Alzheimer’s sufferers and their households welcomed the information on Jan. 6 that the U.S. Meals and Drug Administration (FDA) permitted a brand new remedy for Alzheimer’s illness. Lecanemab, marketed as Leqembi, is made by Eisai and Biogen for folks within the early levels of the illness. The FDA granted lecanemab accelerated approval based mostly on early part testing outcomes, and it’s now reviewing the businesses’ accomplished knowledge for consideration of conventional, full approval. It’s solely the second drug permitted to deal with Alzheimer’s, not simply deal with signs.

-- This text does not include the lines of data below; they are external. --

(* Let $p\ge 2$, $q\ge1$ be integers and $\varepsilon>0$. Then under the cyclic-walk evaluator, $N_{\mathrm{orbit}}^{\mathrm{full}}(\varepsilon,p,q)=\Gamma(S(\varepsilon))$, where, writing $S(\varepsilon)=\{s_0<s_1<\dots<s_{|S|-1}\}\subseteq\{0,\dots,p-1\}$ and $s_{|S|}:=s_0+p$, $\Gamma(S(\varepsilon))=\max_{0\le i<|S|}(s_{i+1}-s_i)$ is the maximal cyclic gap of $S(\varepsilon)$ in $\mathbb{Z}/p\mathbb{Z}$.
   Context: Let $\mathbb{T}^1=\mathbb{R}/\mathbb{Z}$; for $x\in\mathbb{R}$ write $\|x\|=\min_{m\in\mathbb{Z}}|x-m|$, and $B(z,\varepsilon)=\{x\in\mathbb{T}^1:\|x-z\|<\varepsilon\}$. For finite $D\subseteq\mathbb{T}^1$ set $V_\varepsilon(D)=\bigcup_{x\in D}B(x,\varepsilon)$. Let $H_{\mathrm{train}}=\{j/q\bmod1:0\le j<q\}$ and $\Omega_E=\{k/p\bmod1:0\le k<p\}$. Define $f(m)=\min_{0\le j\le q-1}\|j/q-m/p\|$ and the shift set $S(\varepsilon)=\{m\in\mathbb{Z}/p\mathbb{Z}: f(m)<\varepsilon\}$ (identified with a subset of $\{0,\dots,p-1\}$; it always contains $0$). Game: rounds $n=0,1,2,\dots$; the evaluator sends $E_n=\{n/p\bmod1\}$. The trainer's dataset starts at $D_0=\emptyset$; under the full move type, $D_{n+1}=\{x+h:x\in D_n\cup E_n,\ h\in H_{\mathrm{train}}\}$. $N_{\mathrm{orbit}}^{\mathrm{full}}(\varepsilon,p,q)$ is the first round $n$ at which $\Omega_E\subseteq V_\varepsilon(D_n)$ (the full move involves no choices). *)

theory Defs
  imports Complex_Main
begin
lemma integrable_exp_norm:
  assumes \<theta>: "\<theta> \<in> \<Theta>"
  obtains e where "0 < e" "cball \<theta> e \<subseteq> \<Theta>"
    "integrable \<nu> (\<lambda>x. exp (\<theta> \<bullet> T x + e * norm (T x)))"
proof -
  obtain r where r: "0 < r" "cball \<theta> r \<subseteq> \<Theta>"
    using open_contains_cball open_nat_param_space \<theta> by blast
  define e where "e = r / DIM('p)"
  have e: "0 < e" "e \<le> r"
    using r by (simp_all add: e_def divide_le_eq)
  define S where "S x = (\<Sum>i\<in>Basis. exp ((\<theta> + r *\<^sub>R i) \<bullet> T x) + exp ((\<theta> - r *\<^sub>R i) \<bullet> T x))" for x
  have "integrable \<nu> (\<lambda>x. exp (\<theta> \<bullet> T x + e * norm (T x)))"
  proof (rule Bochner_Integration.integrable_bound)
    have "\<theta> + r *\<^sub>R i \<in> \<Theta>" "\<theta> - r *\<^sub>R i \<in> \<Theta>" if "i \<in> Basis" for i
      using that r by (auto simp: dist_norm intro!: subsetD[OF r(2)])
    then show "integrable \<nu> S"
      unfolding S_def by (intro Bochner_Integration.integrable_sum Bochner_Integration.integrable_add
          integrable_exp_inner)
    show "(\<lambda>x. exp (\<theta> \<bullet> T x + e * norm (T x))) \<in> borel_measurable \<nu>"
      by measurable
    have "exp (\<theta> \<bullet> T x + e * norm (T x)) \<le> S x" for x
    proof -
      have "exp (\<theta> \<bullet> T x + e * norm (T x))
          \<le> exp (\<theta> \<bullet> T x) * (\<Sum>i\<in>Basis. exp (r * (i \<bullet> T x)) + exp (- r * (i \<bullet> T x)))"
        unfolding exp_add using exp_norm_le_sum_Basis[of r "T x"] r by (simp add: e_def)
      also have "\<dots> = S x"
        unfolding S_def sum_distrib_left
        by (intro sum.cong refl) (simp add: inner_add_left inner_diff_left distrib_left flip: exp_add)
      finally show ?thesis .
    qed
    then show "AE x in \<nu>. norm (exp (\<theta> \<bullet> T x + e * norm (T x))) \<le> norm (S x)"
      by (intro AE_I2) (simp add: order_trans[OF _ abs_ge_self])
  qed
  moreover have "cball \<theta> e \<subseteq> \<Theta>"
    using subset_cball[OF e(2)] r(2) by blast
  ultimately show thesis
    using that e(1) by blast
qed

Docs can now prescribe the treatment, however many sufferers gained’t have the ability to afford it. Eisai stated the drug, which is given each two weeks through an IV infusion at a physician’s workplace or clinic, will price about $26,500 a 12 months. Whereas it’s not clear but how lengthy folks might want to take the drug, Ivan Cheung, Eisai Inc.’s CEO, estimated that most individuals would possibly must take it at the very least three years.

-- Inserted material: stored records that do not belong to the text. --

lemma step_measure_sandwich:
  assumes "0 < \<epsilon>"
  obtains g h a b
  where "eventually (\<lambda>n. g n \<le> sqrt n * measure \<mu> {exp (- (1 / n))<..1}
      \<and> sqrt n * measure \<mu> {exp (- (1 / n))<..1} \<le> h n) sequentially"
    and "g \<longlonglongrightarrow> a" "h \<longlonglongrightarrow> b" "c * (2 - \<epsilon>) / sqrt pi \<le> a" "b \<le> c * (2 + \<epsilon>) / sqrt pi"
proof -
  obtain g1 g2 I1 I2 where poly: "real_polynomial_function g1" "real_polynomial_function g2"
    and bounds: "\<And>y. y \<in> {0..1} \<Longrightarrow> y * g1 y \<le> indicator {exp (- 1)<..} y"
      "\<And>y. y \<in> {0..1} \<Longrightarrow> indicator {exp (- 1)<..} y \<le> y * g2 y"
    and I: "((\<lambda>x. exp (- x) * g1 (exp (- x)) / sqrt x) has_integral I1) {0..}"
      "((\<lambda>x. exp (- x) * g2 (exp (- x)) / sqrt x) has_integral I2) {0..}" "2 - \<epsilon> \<le> I1" "I2 \<le> 2 + \<epsilon>"
    using polynomial_step_sandwich[OF assms] by blast
  have step_integrable: "integrable \<mu> (\<lambda>t. indicator {exp (- 1)<..} (t ^ n) :: real)" for n
    by (rule integrable_bounded[where B = 1]) auto
  have sandwich: "eventually (\<lambda>n. sqrt n * (\<integral>t. t ^ n * g1 (t ^ n) \<partial>\<mu>) \<le> sqrt n * measure \<mu> {exp (- (1 / n))<..1}
      \<and> sqrt n * measure \<mu> {exp (- (1 / n))<..1} \<le> sqrt n * (\<integral>t. t ^ n * g2 (t ^ n) \<partial>\<mu>)) sequentially"
    using eventually_gt_at_top[of 0]
  proof eventually_elim
    case (elim n)
    have "(\<integral>t. t ^ n * g1 (t ^ n) \<partial>\<mu>) \<le> measure \<mu> {exp (- (1 / n))<..1}"
      unfolding measure_eq_integral_step[OF elim]
      by (rule integral_power_mono[where f = "\<lambda>y. y * g1 y" and g = "indicator {exp (- 1)<..}",
            OF integrable_power_times_polynomial[OF poly(1)] step_integrable bounds(1)])
    moreover have "measure \<mu> {exp (- (1 / n))<..1} \<le> (\<integral>t. t ^ n * g2 (t ^ n) \<partial>\<mu>)"
      unfolding measure_eq_integral_step[OF elim]
      by (rule integral_power_mono[where f = "indicator {exp (- 1)<..}" and g = "\<lambda>y. y * g2 y",
            OF step_integrable integrable_power_times_polynomial[OF poly(2)] bounds(2)])
    ultimately show ?case
      by (simp add: mult_left_mono)
  qed
  have "c * (2 - \<epsilon>) / sqrt pi \<le> c * I1 / sqrt pi" "c * I2 / sqrt pi \<le> c * (2 + \<epsilon>) / sqrt pi"
    using I moment_limit_nonneg by (auto intro!: divide_right_mono mult_left_mono)
  with sandwich sqrt_moment_polynomial_limit[OF poly(1) I(1)] sqrt_moment_polynomial_limit[OF poly(2) I(2)]
  show ?thesis
    by (rule that)
qed

lemma tauberian_sqrt: "(\<lambda>n. sqrt n * measure \<mu> {exp (- (1 / n))<..1}) \<longlonglongrightarrow> 2 * c / sqrt pi"
proof (rule tendsto_sandwich_approx)
  fix e :: real assume "0 < e"
  define \<epsilon> where "\<epsilon> = e / (c + 1)"
  have "0 < c + 1"
    using moment_limit_nonneg by simp
  then have "0 < \<epsilon>" and "c * \<epsilon> \<le> e"
    using \<open>0 < e\<close> moment_limit_nonneg by (simp_all add: \<epsilon>_def field_simps)
  have "c * \<epsilon> / sqrt pi \<le> c * \<epsilon>"
    using divide_left_mono[of 1 "sqrt pi" "c * \<epsilon>"] \<open>0 < \<epsilon>\<close> moment_limit_nonneg pi_gt3 by simp
  also have "\<dots> \<le> e"
    by fact
  finally have error: "c * \<epsilon> / sqrt pi \<le> e" .
  have "c * (2 - \<epsilon>) / sqrt pi = 2 * c / sqrt pi - c * \<epsilon> / sqrt pi"
    "c * (2 + \<epsilon>) / sqrt pi = 2 * c / sqrt pi + c * \<epsilon> / sqrt pi"
    by (simp_all add: field_simps)
  then have bounds: "2 * c / sqrt pi - e \<le> c * (2 - \<epsilon>) / sqrt pi"
    "c * (2 + \<epsilon>) / sqrt pi \<le> 2 * c / sqrt pi + e"
    using diff_left_mono[OF error] add_left_mono[OF error] by simp_all
  obtain g h a b
    where sandwich: "eventually (\<lambda>n. g n \<le> sqrt n * measure \<mu> {exp (- (1 / n))<..1}
      \<and> sqrt n * measure \<mu> {exp (- (1 / n))<..1} \<le> h n) sequentially"
    and lim: "g \<longlonglongrightarrow> a" "h \<longlonglongrightarrow> b"
    and ab: "c * (2 - \<epsilon>) / sqrt pi \<le> a" "b \<le> c * (2 + \<epsilon>) / sqrt pi"
    by (rule step_measure_sandwich[OF \<open>0 < \<epsilon>\<close>])
  have "2 * c / sqrt pi - e \<le> a" "b \<le> 2 * c / sqrt pi + e"
    using order_trans[OF bounds(1) ab(1)] order_trans[OF ab(2) bounds(2)] by simp_all
  with sandwich lim show "\<exists>g h a b. eventually (\<lambda>n. g n \<le> sqrt n * measure \<mu> {exp (- (1 / n))<..1}
      \<and> sqrt n * measure \<mu> {exp (- (1 / n))<..1} \<le> h n) sequentially
      \<and> g \<longlonglongrightarrow> a \<and> h \<longlonglongrightarrow> b \<and> 2 * c / sqrt pi - e \<le> a \<and> b \<le> 2 * c / sqrt pi + e"
    by blast
qed

lemma tail_sqrt_asymp: "((\<lambda>h. measure \<mu> {1 - h<..1} / sqrt h) \<longlongrightarrow> 2 * c / sqrt pi) (at_right 0)"
proof -
  have exp_tail: "((\<lambda>u. measure \<mu> {exp (- u)<..1} / sqrt u) \<longlongrightarrow> 2 * c / sqrt pi) (at_right 0)"
  proof (rule tendsto_div_sqrt_of_monotone)
    show "mono_on {0<..} (\<lambda>u. measure \<mu> {exp (- u)<..1})"
      by (intro mono_onI measure_tail_antimono) simp
  qed (simp_all add: tauberian_sqrt)
  have log_lim: "filterlim (\<lambda>h::real. - ln (1 - h)) (at_right 0) (at_right 0)"
    by real_asymp
  have ratio_lim: "((\<lambda>h::real. sqrt (- ln (1 - h) / h)) \<longlongrightarrow> 1) (at_right 0)"
    by real_asymp
  have "((\<lambda>h. measure \<mu> {exp (- (- ln (1 - h)))<..1} / sqrt (- ln (1 - h))
      * sqrt (- ln (1 - h) / h)) \<longlongrightarrow> 2 * c / sqrt pi * 1) (at_right 0)"
    by (intro tendsto_mult ratio_lim filterlim_compose[OF exp_tail log_lim])
  moreover have "eventually (\<lambda>h::real. 0 < h \<and> h < 1) (at_right 0)"
    unfolding eventually_at_right_field by (intro exI[of _ 1]) auto
  then have "eventually (\<lambda>h. measure \<mu> {exp (- (- ln (1 - h)))<..1} / sqrt (- ln (1 - h))
      * sqrt (- ln (1 - h) / h) = measure \<mu> {1 - h<..1} / sqrt h) (at_right 0)"
  proof eventually_elim
    case (elim h)
    have cancel: "z / sqrt l * sqrt (l / h) = z / sqrt h" if "0 < l" for z l :: real
      using that elim by (simp add: real_sqrt_divide)
    have "exp (- (- ln (1 - h))) = 1 - h"
      using elim by simp
    then show ?case
      using elim by (simp only:) (rule cancel, simp)
  qed
  ultimately show ?thesis
    by (simp add: tendsto_cong)
qed

end

context
  fixes D :: "real \<Rightarrow> real"
  assumes density: "\<And>A. A \<in> sets borel \<Longrightarrow> A \<subseteq> {0<..<1} \<Longrightarrow>
      emeasure \<mu> A = (\<integral>\<^sup>+ t\<in>A. ennreal (D t) \<partial>lborel)"
    and D_mono: "mono_on {0<..<1} D"
begin

text \<open>Only the positive part of \<open>D\<close> is seen by \<open>\<mu>\<close>, since \<open>ennreal\<close> truncates at 0.\<close>

lemma interval_measure_density_bounds:
  assumes "0 < a" "a < b" "b < 1"
  shows "max (D a) 0 * (b - a) \<le> measure \<mu> {a<..b}"
    and "measure \<mu> {a<..b} \<le> max (D b) 0 * (b - a)"
proof -
  have box: "ennreal (max (D x) 0 * (b - a)) = (\<integral>\<^sup>+t. ennreal (D x) * indicator {a<..b} t \<partial>lborel)" for x
    using assms by (simp add: nn_integral_cmult_indicator ennreal_mult'' max_def ennreal_neg)
  have "(\<integral>\<^sup>+t. ennreal (D a) * indicator {a<..b} t \<partial>lborel)
      \<le> (\<integral>\<^sup>+t. ennreal (D t) * indicator {a<..b} t \<partial>lborel)"
    "(\<integral>\<^sup>+t. ennreal (D t) * indicator {a<..b} t \<partial>lborel)
      \<le> (\<integral>\<^sup>+t. ennreal (D b) * indicator {a<..b} t \<partial>lborel)"
    using assms by (auto intro!: nn_integral_mono ennreal_leI mono_onD[OF D_mono] split: split_indicator)
  moreover have "emeasure \<mu> {a<..b} = (\<integral>\<^sup>+t. ennreal (D t) * indicator {a<..b} t \<partial>lborel)"
    using assms by (intro density) auto
  ultimately have "ennreal (max (D a) 0 * (b - a)) \<le> ennreal (measure \<mu> {a<..b})"
    "ennreal (measure \<mu> {a<..b}) \<le> ennreal (max (D b) 0 * (b - a))"
    by (simp_all only: box emeasure_eq_measure)
  then show "max (D a) 0 * (b - a) \<le> measure \<mu> {a<..b}"
    "measure \<mu> {a<..b} \<le> max (D b) 0 * (b - a)"
    using assms by simp_all
qed

lemma tail_increment_bounds:
  assumes "0 < h1" "h1 < h2" "h2 < 1"
  shows "max (D (1 - h2)) 0 * (h2 - h1) \<le> measure \<mu> {1 - h2<..1} - measure \<mu> {1 - h1<..1}
    \<and> measure \<mu> {1 - h2<..1} - measure \<mu> {1 - h1<..1} \<le> max (D (1 - h1)) 0 * (h2 - h1)"
proof -
  have "measure \<mu> {1 - h2<..1} - measure \<mu> {1 - h1<..1} = measure \<mu> {1 - h2<..1 - h1}"
    using assms by (subst finite_measure_Diff[symmetric]) (auto simp: sets_eq_borel intro!: arg_cong[where f = "measure \<mu>"])
  then show ?thesis
    using interval_measure_density_bounds[of "1 - h2" "1 - h1"] assms by simp
qed

lemma density_sqrt_asymp:
  assumes tail: "((\<lambda>h. measure \<mu> {1 - h<..1} / sqrt h) \<longlongrightarrow> L) (at_right 0)" and "0 < L"
  shows "((\<lambda>h. D (1 - h) * sqrt h) \<longlongrightarrow> L / 2) (at_right 0)"
proof -
  have lim: "((\<lambda>h. max (D (1 - h)) 0 * sqrt h) \<longlongrightarrow> L / 2) (at_right 0)"
    by (rule monotone_density_sqrt[OF tail zero_less_one]) (rule tail_increment_bounds)
  then have "eventually (\<lambda>h. 0 < max (D (1 - h)) 0 * sqrt h) (at_right 0)"
    using order_tendstoD(1)[OF lim, of 0] \<open>0 < L\<close> by simp
  then have "eventually (\<lambda>h. max (D (1 - h)) 0 * sqrt h = D (1 - h) * sqrt h) (at_right 0)"
    by eventually_elim (auto simp: max_def zero_less_mult_iff split: if_splits)
  with lim show ?thesis
    by (rule Lim_transform_eventually)
qed

end

end

theorem theorem3p9:
  fixes m :: "nat \<Rightarrow> real" and \<mu> :: "real measure" and D :: "real \<Rightarrow> real"
  assumes "moment_seq m"
    and "prob_space \<mu>" and "sets \<mu> = sets borel"
    and "emeasure \<mu> (- {0..1}) = 0"
    and "\<And>n. (\<integral>t. t ^ n \<partial>\<mu>) = m n"
    and "\<And>A. A \<in> sets borel \<Longrightarrow> A \<subseteq> {0<..<1} \<Longrightarrow>
           emeasure \<mu> A = (\<integral>\<^sup>+ t\<in>A. ennreal (D t) \<partial>lborel)"
    and "mono_on {0<..<1} D"
  shows "D \<sim>[at_left 1] (\<lambda>t. 1 / sqrt (2 * pi * (1 - t)))"
proof -
  interpret prob_space \<mu>
    by (rule assms(2))
  interpret unit_interval_measure \<mu>
  proof
    show "AE t in \<mu>. t \<in> {0..1}"
      by (rule AE_I[of _ _ "- {0..1}"]) (auto simp: assms(3,4))
  qed (rule assms(3))
  define L where "L = 2 * (1 / sqrt 2) / sqrt pi"
  have "(\<lambda>n. sqrt n * (\<integral>t. t ^ n \<partial>\<mu>)) \<longlonglongrightarrow> 1 / sqrt 2"
    using moment_seq_sqrt_asymp[OF assms(1)] by (simp add: assms(5))
  from tail_sqrt_asymp[OF this]
  have "((\<lambda>h. D (1 - h) * sqrt h) \<longlongrightarrow> L / 2) (at_right 0)"
    by (intro density_sqrt_asymp[OF assms(6,7)]) (simp_all add: L_def)
  moreover have "filterlim (\<lambda>t::real. 1 - t) (at_right 0) (at_left 1)"
    by real_asymp
  ultimately have "((\<lambda>t. sqrt (2 * pi) * (D t * sqrt (1 - t))) \<longlongrightarrow> sqrt (2 * pi) * (L / 2)) (at_left 1)"
    by (intro tendsto_mult tendsto_const) (auto dest: filterlim_compose)
  moreover have "sqrt (2 * pi) * (L / 2) = 1"
    by (simp add: L_def real_sqrt_mult)
  moreover have "sqrt (2 * pi) * (D t * sqrt (1 - t)) = D t / (1 / sqrt (2 * pi * (1 - t)))" for t
    by (simp add: real_sqrt_mult)
  ultimately show ?thesis
    by (intro asymp_equivI') simp
qed

end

Right here’s what to learn about why lecanemab will probably be out of attain for many sufferers.
Medicare gained’t cowl lecanemab
The Facilities for Medicare and Medicaid Companies (CMS) doesn’t cowl medicines granted accelerated—not full—approval in lecanemab’s class: therapies that focus on a protein referred to as amyloid within the brains of Alzheimer’s sufferers. That call goes again to the drug that preceded lecanemab, referred to as aducanumab (model identify: Aduhelm), which the FDA permitted in 2021. The FDA’s controversial approval was based mostly on the outcomes of two research: one which confirmed sufferers benefited from the drug in comparison with these receiving placebo, and one other that confirmed no distinction between the 2 teams. The FDA determined to approve the drug as a result of there have been no therapies for Alzheimer’s, and aducanumab would deal with the pressing and unmet want to provide sufferers one thing that they assumed, based mostly on the info, would decelerate its development.
Due to the conflicting knowledge, nevertheless, CMS determined to not reimburse for aducanumab until folks had been enrolled in persevering with medical trials to solidify the drug’s effectiveness. The coverage additionally utilized to all future therapies that used the identical technique of tackling amyloid within the mind—equivalent to lecanemab, which targets a distinct type of the identical protein. This implies sufferers who aren’t taking part in a medical trial of the drug should foot the invoice. Non-public insurance coverage firms usually follows CMS’s lead.
Will Medicare change its coverage and begin reimbursing for lecanemab?
CMS stated it might think about altering its coverage when the entire set of information on lecanemab, together with the outcomes from the part 3 research, had been submitted to the FDA. Eisai supplied that knowledge to the FDA on the identical day it obtained accelerated approval. The part 3 outcomes had been additionally printed within the New England Journal of Drugs on Jan. 5. “Every single day we lower the timeline to get conventional approval is sooner or later nearer to lifting the restrictions to entry for Medicare beneficiaries,” says Cheung.
In a press release after lecanemab’s approval, CMS administrator Chiquita Brooks-LaSure stated, “CMS is analyzing obtainable data and should rethink its present protection based mostly on this evaluate.”
What Medicare’s coverage means for sufferers
For now, sufferers should wait till the FDA points a conventional approval for lecanemab in an effort to obtain reimbursement for the drug. That might be expensive in additional than simply monetary methods. As a result of lecanemab is indicated particularly for folks within the earliest levels of gentle Alzheimer’s-related dementia, ready extra months might make many individuals ineligible to learn from the remedy as a result of they’ll have progressed to extra advances levels of the illness, past the attain of lecanemab’s demonstrated effectiveness.
Whereas the entire knowledge units on lecanemab’s security and effectiveness at the moment are obtainable for docs to contemplate, “what’s lacking is entry,” says Maria Carrillo, chief scientific officer of the Alzheimer’s Affiliation. “Not having entry based mostly on the accelerated approval is a detriment to our affected person neighborhood.” The Affiliation estimates that every day, greater than 2,000 folks transfer from gentle dementia to extra superior Alzheimer’s, which lessens their possibilities of having the ability to profit from lecanemab. CMS’s coverage might probably deny hundreds of individuals the possibility to sluggish their cognitive decline and push again the extra extreme results of their illness. “That’s not acceptable, and unprecedented,” says Carrillo. “We really feel it’s incorrect.”